++++ INPUT
lemma card_eq_sum_blocks:
  assumes "finite A" "A \<subseteq> (\<Union>i\<le>r. Fblock n i)"
  shows "card A = (\<Sum>i\<le>r. card (A \<inter> Fblock n i))"
proof -
  have "A = (\<Union>i\<le>r. A \<inter> Fblock n i)"
    using assms(2) by blast
  also have "card \<dots> = (\<Sum>i\<le>r. card (A \<inter> Fblock n i))"
    by (rule card_UN_disjoint) (use assms(1) in \<open>auto simp: Fblock_def\<close>)
  finally show ?thesis .
qed

lemma empty_block_unique:
  assumes card: "card A = Suc r" and A: "A \<subseteq> (\<Union>i\<le>r. Fblock n i)" and det: "det (PA r l d A) \<noteq> 0"
    and k: "k1 \<le> r" "k2 \<le> r" and empty: "A \<inter> Fblock n k1 = {}" "A \<inter> Fblock n k2 = {}"
  shows "k1 = k2"
proof (rule ccontr)
  assume "k1 \<noteq> k2"
  have avoid: "\<exists>i j. x = Fc i j \<and> i \<noteq> k1 \<and> i \<noteq> k2" if x: "x \<in> A" for x
  proof -
    obtain i where i: "x \<in> Fblock n i"
      using x A by blast
    then have "i \<noteq> k1" "i \<noteq> k2"
      using x empty by auto
    with i show ?thesis by (auto simp: Fblock_def)
  qed
  then have avoid': "\<exists>i j. x = Fc i j \<and> i \<noteq> k2 \<and> i \<noteq> k1" if "x \<in> A" for x
    using that by blast
  have "det (PA r l d A) = 0"
  proof (cases "k2 = 0")
    case True
    then show ?thesis
      using det_PA_two_empty_blocks[OF card _ _ _ _ avoid'] k \<open>k1 \<noteq> k2\<close> by simp
  next
    case False
    then show ?thesis
      using det_PA_two_empty_blocks[OF card _ _ _ _ avoid] k \<open>k1 \<noteq> k2\<close> by simp
  qed
  then show False using det by simp
qed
++++++++
#### [TASK REQUIREMENTS]
Which of the lines above include the string "simp"? Pick them out and copy them.

#### [EXERCISE RESULT]
    by (rule card_UN_disjoint) (use assms(1) in \<open>auto simp: Fblock_def\<close>)
    with i show ?thesis by (auto simp: Fblock_def)
      using det_PA_two_empty_blocks[OF card _ _ _ _ avoid'] k \<open>k1 \<noteq> k2\<close> by simp
      using det_PA_two_empty_blocks[OF card _ _ _ _ avoid] k \<open>k1 \<noteq> k2\<close> by simp
  then show False using det by simp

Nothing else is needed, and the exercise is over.